Collected data entries:
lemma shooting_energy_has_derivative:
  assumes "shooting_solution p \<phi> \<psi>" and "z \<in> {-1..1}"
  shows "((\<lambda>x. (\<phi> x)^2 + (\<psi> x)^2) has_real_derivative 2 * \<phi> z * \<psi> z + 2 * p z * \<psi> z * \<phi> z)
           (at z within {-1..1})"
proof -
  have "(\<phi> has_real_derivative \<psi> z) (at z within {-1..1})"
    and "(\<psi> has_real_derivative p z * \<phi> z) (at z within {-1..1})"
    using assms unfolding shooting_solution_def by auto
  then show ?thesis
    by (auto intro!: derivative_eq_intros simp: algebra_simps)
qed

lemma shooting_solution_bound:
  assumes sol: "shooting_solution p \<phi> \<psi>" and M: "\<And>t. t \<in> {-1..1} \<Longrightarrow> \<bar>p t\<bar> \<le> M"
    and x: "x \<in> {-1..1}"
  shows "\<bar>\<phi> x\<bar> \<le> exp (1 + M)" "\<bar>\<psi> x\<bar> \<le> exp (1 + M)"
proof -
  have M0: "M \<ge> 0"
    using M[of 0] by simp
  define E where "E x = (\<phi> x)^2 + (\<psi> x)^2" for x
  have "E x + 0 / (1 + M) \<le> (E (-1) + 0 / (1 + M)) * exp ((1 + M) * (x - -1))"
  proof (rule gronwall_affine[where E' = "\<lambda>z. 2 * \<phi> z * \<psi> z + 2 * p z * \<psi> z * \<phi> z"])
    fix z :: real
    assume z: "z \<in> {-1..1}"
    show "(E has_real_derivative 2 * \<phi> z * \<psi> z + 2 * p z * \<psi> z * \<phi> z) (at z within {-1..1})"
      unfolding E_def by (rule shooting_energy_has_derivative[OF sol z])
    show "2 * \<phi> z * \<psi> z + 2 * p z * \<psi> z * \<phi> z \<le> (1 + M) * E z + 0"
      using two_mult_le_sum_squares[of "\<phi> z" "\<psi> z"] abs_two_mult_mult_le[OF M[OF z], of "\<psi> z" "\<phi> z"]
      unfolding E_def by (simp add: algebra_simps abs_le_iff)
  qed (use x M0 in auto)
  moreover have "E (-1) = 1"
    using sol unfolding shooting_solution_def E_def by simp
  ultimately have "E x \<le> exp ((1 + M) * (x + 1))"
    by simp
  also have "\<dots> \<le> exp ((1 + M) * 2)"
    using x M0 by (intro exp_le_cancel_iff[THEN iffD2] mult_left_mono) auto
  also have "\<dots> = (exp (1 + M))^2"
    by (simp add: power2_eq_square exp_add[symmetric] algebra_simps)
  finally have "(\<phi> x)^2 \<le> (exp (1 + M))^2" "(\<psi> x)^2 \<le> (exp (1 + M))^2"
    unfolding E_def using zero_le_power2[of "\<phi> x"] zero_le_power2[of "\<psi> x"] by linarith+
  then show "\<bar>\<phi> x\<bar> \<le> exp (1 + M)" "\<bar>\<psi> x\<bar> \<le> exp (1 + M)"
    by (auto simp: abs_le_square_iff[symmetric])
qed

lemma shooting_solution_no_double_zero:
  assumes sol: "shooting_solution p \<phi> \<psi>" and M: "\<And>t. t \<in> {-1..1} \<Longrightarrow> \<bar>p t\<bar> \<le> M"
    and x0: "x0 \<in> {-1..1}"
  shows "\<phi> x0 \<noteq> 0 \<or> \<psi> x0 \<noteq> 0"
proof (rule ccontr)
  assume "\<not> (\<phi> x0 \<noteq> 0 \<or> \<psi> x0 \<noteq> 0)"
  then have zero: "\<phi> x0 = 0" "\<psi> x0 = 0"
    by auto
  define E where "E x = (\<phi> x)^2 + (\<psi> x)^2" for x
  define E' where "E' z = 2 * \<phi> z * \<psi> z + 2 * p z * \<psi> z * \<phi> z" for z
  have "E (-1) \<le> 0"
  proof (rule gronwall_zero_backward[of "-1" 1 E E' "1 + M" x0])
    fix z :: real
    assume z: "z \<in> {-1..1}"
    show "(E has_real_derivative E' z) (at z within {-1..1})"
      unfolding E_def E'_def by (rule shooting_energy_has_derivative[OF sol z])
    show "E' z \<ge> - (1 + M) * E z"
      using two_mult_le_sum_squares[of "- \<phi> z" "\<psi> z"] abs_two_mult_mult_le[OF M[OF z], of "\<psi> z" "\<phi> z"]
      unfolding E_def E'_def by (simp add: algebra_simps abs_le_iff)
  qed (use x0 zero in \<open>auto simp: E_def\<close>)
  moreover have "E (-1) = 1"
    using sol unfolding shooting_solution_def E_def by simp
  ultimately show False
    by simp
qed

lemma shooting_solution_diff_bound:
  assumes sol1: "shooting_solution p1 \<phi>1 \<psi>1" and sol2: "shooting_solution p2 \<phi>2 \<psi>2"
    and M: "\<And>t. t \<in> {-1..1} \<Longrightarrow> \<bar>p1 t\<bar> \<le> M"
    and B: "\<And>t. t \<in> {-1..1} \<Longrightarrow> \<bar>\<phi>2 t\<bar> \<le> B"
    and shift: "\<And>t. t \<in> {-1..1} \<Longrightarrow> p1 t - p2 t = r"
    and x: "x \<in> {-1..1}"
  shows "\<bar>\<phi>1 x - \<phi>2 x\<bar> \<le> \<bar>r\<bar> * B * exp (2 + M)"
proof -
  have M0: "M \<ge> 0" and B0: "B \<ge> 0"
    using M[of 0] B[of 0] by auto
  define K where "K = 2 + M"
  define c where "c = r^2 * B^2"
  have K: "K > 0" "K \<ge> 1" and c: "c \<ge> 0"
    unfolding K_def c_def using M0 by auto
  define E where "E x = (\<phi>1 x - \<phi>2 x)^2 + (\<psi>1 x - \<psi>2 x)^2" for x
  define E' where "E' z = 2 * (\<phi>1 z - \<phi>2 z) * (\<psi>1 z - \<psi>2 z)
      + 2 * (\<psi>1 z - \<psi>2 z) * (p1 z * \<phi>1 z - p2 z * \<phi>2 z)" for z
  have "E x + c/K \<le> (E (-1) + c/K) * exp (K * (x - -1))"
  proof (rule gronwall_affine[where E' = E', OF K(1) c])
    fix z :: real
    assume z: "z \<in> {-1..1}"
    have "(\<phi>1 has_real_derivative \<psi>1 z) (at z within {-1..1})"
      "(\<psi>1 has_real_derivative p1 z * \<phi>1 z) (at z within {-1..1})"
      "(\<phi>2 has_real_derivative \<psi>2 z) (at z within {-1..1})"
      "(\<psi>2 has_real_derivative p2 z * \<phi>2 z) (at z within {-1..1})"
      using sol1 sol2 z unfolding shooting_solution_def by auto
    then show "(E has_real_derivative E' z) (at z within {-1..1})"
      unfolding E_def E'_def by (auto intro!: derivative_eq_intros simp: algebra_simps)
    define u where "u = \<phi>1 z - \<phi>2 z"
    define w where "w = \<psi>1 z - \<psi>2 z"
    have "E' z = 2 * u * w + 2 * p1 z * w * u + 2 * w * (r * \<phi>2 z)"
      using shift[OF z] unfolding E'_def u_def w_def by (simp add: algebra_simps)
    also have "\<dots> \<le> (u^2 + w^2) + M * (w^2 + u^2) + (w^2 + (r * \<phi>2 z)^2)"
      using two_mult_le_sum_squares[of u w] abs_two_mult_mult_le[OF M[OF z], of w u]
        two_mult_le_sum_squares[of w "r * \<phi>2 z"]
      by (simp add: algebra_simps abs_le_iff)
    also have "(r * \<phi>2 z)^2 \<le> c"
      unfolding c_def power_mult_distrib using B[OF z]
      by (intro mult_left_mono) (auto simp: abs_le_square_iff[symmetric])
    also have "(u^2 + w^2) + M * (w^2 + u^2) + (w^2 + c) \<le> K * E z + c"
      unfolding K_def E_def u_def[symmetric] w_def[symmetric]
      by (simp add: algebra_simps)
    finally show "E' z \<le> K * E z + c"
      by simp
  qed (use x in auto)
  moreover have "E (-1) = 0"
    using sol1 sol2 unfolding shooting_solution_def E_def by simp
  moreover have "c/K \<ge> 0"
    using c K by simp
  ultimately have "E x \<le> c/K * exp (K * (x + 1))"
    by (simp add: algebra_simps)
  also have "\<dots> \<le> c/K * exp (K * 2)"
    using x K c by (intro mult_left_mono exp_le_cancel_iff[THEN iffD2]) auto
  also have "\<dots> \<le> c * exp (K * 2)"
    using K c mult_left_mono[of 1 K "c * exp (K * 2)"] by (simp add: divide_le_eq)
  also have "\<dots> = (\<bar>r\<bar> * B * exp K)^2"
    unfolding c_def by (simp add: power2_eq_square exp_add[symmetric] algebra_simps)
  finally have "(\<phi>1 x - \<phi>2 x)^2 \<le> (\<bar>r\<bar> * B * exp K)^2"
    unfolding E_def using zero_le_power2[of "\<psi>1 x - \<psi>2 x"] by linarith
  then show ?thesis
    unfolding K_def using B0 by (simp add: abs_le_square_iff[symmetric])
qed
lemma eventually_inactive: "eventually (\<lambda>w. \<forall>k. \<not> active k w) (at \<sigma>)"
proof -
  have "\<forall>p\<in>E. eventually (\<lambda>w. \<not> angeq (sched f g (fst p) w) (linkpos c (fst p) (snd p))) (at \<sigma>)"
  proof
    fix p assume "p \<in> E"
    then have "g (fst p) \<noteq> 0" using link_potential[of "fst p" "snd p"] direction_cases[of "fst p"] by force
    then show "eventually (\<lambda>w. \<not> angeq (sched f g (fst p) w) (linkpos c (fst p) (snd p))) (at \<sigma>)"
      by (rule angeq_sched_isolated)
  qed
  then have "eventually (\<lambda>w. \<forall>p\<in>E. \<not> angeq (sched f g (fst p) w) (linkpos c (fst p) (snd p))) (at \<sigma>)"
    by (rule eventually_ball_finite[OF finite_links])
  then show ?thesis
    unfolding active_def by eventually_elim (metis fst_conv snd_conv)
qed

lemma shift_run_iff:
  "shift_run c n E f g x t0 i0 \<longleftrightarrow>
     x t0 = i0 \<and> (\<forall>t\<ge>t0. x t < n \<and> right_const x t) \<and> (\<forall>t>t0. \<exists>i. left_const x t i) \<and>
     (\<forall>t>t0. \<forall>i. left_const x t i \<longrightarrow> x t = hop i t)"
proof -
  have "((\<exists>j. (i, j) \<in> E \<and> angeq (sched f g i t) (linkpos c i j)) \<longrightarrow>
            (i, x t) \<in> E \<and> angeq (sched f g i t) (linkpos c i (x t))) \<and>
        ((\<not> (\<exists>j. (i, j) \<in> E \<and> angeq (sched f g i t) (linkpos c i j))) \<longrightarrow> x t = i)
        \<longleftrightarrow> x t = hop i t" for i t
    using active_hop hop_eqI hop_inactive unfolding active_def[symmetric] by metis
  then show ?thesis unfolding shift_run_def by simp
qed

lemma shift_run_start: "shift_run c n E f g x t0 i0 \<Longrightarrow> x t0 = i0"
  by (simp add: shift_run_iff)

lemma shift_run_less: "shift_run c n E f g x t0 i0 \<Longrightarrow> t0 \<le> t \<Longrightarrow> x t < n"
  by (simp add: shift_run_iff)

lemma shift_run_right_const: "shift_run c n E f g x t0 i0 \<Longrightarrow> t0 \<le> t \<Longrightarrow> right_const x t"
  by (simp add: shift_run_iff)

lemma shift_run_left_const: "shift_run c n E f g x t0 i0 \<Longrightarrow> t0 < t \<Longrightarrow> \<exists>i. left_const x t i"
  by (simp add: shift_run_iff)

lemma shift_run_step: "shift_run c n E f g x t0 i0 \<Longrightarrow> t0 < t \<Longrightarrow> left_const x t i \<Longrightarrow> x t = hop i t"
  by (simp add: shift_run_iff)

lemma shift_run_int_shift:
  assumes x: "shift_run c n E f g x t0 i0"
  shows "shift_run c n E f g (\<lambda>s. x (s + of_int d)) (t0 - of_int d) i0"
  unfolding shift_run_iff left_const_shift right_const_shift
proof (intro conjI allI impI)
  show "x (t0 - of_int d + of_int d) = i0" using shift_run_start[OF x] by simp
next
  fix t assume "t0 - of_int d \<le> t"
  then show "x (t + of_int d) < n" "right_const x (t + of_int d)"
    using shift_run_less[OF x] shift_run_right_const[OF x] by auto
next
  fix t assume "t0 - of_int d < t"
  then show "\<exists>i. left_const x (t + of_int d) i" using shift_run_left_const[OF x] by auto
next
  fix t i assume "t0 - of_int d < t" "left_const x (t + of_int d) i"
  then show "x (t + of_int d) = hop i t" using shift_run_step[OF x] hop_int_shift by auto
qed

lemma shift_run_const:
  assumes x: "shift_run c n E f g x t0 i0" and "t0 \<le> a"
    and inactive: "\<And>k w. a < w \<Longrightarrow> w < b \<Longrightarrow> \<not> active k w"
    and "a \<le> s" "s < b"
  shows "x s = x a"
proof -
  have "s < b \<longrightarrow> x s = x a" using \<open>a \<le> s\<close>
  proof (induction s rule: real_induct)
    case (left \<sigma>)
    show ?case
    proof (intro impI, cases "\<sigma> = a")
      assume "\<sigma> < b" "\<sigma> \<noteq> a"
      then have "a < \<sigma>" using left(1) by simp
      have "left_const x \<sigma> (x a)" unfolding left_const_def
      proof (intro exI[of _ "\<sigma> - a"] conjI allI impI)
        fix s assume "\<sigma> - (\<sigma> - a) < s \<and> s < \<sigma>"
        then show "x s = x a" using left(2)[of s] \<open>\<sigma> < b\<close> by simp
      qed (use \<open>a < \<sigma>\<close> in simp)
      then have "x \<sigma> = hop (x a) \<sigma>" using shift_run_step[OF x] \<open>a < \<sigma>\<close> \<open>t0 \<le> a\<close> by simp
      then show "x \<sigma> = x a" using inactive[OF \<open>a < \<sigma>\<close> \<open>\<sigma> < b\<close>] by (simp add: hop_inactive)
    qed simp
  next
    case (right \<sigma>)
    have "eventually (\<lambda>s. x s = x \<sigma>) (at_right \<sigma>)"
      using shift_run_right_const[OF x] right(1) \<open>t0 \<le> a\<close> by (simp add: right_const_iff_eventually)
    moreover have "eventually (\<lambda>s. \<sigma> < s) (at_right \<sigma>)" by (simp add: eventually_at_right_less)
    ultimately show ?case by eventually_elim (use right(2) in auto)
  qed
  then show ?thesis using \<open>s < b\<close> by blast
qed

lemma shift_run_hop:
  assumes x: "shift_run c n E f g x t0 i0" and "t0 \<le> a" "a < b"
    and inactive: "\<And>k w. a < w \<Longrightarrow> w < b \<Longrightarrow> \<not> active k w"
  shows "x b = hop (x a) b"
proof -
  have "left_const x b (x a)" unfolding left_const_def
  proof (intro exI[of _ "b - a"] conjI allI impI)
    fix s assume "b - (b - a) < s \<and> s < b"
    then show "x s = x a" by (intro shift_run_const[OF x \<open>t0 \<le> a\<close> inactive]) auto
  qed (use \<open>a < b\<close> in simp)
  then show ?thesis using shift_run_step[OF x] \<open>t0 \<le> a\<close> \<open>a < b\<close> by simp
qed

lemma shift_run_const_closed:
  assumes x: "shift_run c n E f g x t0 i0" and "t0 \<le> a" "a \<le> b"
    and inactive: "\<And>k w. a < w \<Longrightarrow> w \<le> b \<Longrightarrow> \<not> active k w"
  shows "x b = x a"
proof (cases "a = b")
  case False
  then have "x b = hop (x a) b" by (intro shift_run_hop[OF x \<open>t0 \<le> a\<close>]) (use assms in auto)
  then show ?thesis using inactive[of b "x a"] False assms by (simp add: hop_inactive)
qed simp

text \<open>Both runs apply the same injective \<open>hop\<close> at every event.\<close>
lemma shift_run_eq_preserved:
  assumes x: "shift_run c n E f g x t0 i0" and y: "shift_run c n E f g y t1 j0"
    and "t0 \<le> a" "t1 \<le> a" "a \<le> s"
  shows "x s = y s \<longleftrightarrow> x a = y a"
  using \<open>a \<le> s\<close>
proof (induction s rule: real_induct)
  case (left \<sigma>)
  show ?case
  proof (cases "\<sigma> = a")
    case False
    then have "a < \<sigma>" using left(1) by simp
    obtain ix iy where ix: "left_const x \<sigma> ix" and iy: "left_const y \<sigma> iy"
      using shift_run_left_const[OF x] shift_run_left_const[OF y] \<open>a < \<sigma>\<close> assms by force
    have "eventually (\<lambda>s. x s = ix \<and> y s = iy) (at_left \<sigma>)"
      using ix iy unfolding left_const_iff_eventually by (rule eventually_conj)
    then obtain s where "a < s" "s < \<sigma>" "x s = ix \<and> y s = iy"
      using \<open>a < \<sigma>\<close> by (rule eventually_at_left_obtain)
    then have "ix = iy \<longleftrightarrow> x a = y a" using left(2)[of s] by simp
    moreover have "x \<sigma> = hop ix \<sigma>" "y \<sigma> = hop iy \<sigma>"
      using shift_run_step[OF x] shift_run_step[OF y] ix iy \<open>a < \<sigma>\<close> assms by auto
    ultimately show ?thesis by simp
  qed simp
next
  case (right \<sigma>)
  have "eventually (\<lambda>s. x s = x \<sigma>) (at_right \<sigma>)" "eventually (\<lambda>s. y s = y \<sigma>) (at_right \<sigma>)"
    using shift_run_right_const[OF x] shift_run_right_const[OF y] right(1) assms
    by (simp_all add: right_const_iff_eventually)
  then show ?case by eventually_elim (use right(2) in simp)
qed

§ Action item: All that is needed is the exact run of lines above from the line containing "unfolding c_def by" through the line containing "t0 i0 \<longleftrightarrow>", both of them included.

§ Answer for the task:
    unfolding c_def by (simp add: power2_eq_square exp_add[symmetric] algebra_simps)
  finally have "(\<phi>1 x - \<phi>2 x)^2 \<le> (\<bar>r\<bar> * B * exp K)^2"
    unfolding E_def using zero_le_power2[of "\<psi>1 x - \<psi>2 x"] by linarith
  then show ?thesis
    unfolding K_def using B0 by (simp add: abs_le_square_iff[symmetric])
qed
lemma eventually_inactive: "eventually (\<lambda>w. \<forall>k. \<not> active k w) (at \<sigma>)"
proof -
  have "\<forall>p\<in>E. eventually (\<lambda>w. \<not> angeq (sched f g (fst p) w) (linkpos c (fst p) (snd p))) (at \<sigma>)"
  proof
    fix p assume "p \<in> E"
    then have "g (fst p) \<noteq> 0" using link_potential[of "fst p" "snd p"] direction_cases[of "fst p"] by force
    then show "eventually (\<lambda>w. \<not> angeq (sched f g (fst p) w) (linkpos c (fst p) (snd p))) (at \<sigma>)"
      by (rule angeq_sched_isolated)
  qed
  then have "eventually (\<lambda>w. \<forall>p\<in>E. \<not> angeq (sched f g (fst p) w) (linkpos c (fst p) (snd p))) (at \<sigma>)"
    by (rule eventually_ball_finite[OF finite_links])
  then show ?thesis
    unfolding active_def by eventually_elim (metis fst_conv snd_conv)
qed

lemma shift_run_iff:
  "shift_run c n E f g x t0 i0 \<longleftrightarrow>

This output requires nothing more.